┌────────

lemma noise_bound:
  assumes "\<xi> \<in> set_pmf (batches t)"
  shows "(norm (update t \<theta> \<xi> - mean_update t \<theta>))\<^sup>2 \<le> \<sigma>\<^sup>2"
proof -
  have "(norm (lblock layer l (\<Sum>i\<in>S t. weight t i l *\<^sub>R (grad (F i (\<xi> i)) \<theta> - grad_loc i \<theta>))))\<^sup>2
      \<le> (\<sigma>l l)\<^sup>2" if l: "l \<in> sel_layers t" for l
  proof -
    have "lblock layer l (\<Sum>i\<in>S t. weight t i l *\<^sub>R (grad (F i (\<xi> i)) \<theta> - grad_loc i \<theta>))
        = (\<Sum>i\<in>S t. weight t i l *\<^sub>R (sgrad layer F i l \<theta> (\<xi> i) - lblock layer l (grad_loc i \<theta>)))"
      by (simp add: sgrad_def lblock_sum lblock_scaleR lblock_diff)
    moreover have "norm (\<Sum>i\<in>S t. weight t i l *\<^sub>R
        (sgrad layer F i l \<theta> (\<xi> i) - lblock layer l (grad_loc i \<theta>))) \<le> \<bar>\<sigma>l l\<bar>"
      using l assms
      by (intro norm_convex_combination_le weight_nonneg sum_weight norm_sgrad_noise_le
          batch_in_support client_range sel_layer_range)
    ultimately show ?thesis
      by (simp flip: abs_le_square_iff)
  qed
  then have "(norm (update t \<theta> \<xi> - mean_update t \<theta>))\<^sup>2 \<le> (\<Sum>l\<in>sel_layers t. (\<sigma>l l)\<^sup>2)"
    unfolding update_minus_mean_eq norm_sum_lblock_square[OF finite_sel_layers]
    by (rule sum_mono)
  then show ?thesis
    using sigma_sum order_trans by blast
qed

└────────
┌────────

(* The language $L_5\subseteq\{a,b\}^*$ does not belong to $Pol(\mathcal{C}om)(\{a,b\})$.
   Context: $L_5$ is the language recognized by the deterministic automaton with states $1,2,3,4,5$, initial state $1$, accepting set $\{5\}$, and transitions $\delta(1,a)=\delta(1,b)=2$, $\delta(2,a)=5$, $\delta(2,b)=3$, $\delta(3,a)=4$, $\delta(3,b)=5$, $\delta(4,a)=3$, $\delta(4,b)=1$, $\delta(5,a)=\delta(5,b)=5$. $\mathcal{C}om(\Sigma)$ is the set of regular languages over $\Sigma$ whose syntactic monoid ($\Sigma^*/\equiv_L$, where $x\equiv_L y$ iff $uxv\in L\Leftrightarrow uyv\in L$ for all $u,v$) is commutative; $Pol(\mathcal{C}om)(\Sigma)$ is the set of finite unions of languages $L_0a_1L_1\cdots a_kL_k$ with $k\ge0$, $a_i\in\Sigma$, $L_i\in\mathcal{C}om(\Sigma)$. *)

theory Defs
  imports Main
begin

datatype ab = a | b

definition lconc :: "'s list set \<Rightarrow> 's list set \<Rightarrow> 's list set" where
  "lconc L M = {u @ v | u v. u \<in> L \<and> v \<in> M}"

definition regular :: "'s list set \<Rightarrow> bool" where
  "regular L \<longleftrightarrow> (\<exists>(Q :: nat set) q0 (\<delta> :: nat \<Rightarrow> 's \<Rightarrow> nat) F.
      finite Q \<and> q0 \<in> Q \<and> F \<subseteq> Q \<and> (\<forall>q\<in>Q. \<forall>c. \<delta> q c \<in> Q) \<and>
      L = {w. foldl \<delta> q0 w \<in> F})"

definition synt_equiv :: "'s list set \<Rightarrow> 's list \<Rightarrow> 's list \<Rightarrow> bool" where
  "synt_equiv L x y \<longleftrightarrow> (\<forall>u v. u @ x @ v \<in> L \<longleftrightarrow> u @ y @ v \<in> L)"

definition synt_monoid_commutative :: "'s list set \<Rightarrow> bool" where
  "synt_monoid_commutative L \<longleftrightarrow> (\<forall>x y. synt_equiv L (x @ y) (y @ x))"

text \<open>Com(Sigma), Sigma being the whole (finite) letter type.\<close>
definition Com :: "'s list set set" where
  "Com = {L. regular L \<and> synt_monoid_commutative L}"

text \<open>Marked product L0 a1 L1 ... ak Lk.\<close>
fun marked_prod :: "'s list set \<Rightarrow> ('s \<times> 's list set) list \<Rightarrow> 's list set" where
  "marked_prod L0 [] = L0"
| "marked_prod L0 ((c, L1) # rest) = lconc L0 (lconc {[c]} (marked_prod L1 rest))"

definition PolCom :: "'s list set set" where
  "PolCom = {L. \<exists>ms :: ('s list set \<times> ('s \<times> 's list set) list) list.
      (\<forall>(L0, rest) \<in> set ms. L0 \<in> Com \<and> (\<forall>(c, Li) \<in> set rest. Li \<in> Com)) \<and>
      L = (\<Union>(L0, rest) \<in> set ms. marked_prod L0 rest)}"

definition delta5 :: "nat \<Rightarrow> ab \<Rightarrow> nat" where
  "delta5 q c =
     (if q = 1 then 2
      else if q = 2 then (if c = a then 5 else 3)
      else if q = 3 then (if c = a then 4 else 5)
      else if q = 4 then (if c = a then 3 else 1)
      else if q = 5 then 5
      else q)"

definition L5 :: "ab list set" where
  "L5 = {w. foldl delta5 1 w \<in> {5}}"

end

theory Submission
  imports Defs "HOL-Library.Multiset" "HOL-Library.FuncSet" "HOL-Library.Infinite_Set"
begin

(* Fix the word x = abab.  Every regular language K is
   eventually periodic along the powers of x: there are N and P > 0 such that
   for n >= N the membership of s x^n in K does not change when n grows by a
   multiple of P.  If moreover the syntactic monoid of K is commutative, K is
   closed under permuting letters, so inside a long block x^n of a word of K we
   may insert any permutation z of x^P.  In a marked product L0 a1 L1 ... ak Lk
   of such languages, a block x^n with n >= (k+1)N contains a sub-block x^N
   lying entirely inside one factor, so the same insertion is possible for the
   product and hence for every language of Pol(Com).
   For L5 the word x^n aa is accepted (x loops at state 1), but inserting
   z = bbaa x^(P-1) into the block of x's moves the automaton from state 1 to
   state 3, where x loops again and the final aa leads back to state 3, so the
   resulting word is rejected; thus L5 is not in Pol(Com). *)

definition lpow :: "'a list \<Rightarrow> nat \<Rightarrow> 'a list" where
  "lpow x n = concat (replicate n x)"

└────────
┌────────

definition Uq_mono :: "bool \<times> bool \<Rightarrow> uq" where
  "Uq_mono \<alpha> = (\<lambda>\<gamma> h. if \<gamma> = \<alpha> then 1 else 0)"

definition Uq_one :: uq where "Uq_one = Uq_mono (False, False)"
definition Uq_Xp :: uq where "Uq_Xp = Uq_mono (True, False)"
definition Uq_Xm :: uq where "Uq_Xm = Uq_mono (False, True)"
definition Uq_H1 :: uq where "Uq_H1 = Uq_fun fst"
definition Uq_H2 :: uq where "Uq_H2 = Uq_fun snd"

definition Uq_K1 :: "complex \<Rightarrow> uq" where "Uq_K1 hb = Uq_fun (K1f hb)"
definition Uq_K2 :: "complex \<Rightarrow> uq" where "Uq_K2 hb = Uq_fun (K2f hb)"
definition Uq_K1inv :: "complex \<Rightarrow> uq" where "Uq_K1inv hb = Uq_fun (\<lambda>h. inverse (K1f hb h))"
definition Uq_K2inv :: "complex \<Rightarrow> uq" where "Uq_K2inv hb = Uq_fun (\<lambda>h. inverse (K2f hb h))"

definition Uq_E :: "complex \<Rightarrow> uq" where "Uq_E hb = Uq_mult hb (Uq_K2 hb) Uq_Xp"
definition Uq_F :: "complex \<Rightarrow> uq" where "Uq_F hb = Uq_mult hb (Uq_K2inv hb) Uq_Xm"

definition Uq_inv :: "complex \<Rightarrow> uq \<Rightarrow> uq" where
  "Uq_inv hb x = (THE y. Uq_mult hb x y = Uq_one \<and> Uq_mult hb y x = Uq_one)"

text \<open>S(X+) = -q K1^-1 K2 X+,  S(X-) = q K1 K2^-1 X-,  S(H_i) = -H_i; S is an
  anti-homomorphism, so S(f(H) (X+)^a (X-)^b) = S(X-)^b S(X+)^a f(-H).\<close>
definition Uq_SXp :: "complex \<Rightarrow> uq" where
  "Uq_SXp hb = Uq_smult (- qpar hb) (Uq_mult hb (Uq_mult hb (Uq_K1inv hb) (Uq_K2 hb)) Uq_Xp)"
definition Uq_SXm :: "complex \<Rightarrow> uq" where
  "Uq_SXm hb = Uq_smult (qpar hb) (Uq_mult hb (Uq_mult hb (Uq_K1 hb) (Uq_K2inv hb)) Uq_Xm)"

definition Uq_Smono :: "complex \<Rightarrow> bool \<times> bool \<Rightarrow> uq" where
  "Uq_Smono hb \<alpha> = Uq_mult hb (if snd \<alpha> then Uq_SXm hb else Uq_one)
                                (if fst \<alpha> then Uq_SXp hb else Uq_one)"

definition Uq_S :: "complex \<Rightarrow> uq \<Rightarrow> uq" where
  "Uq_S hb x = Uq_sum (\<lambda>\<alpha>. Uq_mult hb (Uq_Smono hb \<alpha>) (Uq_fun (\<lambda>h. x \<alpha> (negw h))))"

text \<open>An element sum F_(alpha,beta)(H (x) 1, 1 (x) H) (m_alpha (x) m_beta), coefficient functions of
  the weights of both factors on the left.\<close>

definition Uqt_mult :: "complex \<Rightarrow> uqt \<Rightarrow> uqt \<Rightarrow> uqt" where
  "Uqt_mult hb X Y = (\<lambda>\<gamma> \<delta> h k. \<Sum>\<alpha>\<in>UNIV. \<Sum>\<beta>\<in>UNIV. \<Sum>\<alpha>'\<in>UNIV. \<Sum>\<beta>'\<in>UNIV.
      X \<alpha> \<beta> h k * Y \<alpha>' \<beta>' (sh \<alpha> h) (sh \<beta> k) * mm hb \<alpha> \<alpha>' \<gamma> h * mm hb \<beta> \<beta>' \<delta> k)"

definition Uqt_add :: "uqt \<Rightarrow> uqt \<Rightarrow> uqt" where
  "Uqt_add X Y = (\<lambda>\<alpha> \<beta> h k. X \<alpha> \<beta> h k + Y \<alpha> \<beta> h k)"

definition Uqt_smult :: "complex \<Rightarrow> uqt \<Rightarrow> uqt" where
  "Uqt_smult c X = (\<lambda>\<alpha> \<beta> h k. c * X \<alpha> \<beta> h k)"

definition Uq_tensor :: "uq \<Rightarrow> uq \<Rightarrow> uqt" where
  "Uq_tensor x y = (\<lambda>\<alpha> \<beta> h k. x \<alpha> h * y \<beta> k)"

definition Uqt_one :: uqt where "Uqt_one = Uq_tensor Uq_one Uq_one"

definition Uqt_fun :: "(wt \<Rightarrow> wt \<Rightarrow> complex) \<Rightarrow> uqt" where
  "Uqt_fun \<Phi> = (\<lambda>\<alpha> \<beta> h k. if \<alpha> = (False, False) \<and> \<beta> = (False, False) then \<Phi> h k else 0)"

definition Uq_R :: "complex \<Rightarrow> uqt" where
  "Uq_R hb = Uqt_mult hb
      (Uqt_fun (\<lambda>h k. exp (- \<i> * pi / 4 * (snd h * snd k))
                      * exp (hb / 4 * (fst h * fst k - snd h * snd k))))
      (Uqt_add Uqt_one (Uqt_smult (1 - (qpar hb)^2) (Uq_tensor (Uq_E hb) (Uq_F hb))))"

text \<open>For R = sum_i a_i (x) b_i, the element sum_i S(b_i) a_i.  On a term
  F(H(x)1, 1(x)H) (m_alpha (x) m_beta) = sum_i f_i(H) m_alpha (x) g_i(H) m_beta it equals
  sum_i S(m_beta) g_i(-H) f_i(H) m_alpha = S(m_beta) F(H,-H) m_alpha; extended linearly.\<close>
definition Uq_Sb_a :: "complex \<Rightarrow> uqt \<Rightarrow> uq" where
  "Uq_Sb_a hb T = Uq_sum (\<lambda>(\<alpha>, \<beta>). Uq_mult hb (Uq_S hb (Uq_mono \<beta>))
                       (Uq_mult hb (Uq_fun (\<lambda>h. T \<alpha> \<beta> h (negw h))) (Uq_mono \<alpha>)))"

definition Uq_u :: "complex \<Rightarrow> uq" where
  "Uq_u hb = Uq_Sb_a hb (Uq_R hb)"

└────────

§ Exercise
Using the records above, restate word for word the lines from the one with "set \<Rightarrow> 's list set" through the one with "set \<Rightarrow> 's list \<Rightarrow>", both included.

§ Output for this exercise
definition lconc :: "'s list set \<Rightarrow> 's list set \<Rightarrow> 's list set" where
  "lconc L M = {u @ v | u v. u \<in> L \<and> v \<in> M}"

definition regular :: "'s list set \<Rightarrow> bool" where
  "regular L \<longleftrightarrow> (\<exists>(Q :: nat set) q0 (\<delta> :: nat \<Rightarrow> 's \<Rightarrow> nat) F.
      finite Q \<and> q0 \<in> Q \<and> F \<subseteq> Q \<and> (\<forall>q\<in>Q. \<forall>c. \<delta> q c \<in> Q) \<and>
      L = {w. foldl \<delta> q0 w \<in> F})"

definition synt_equiv :: "'s list set \<Rightarrow> 's list \<Rightarrow> 's list \<Rightarrow> bool" where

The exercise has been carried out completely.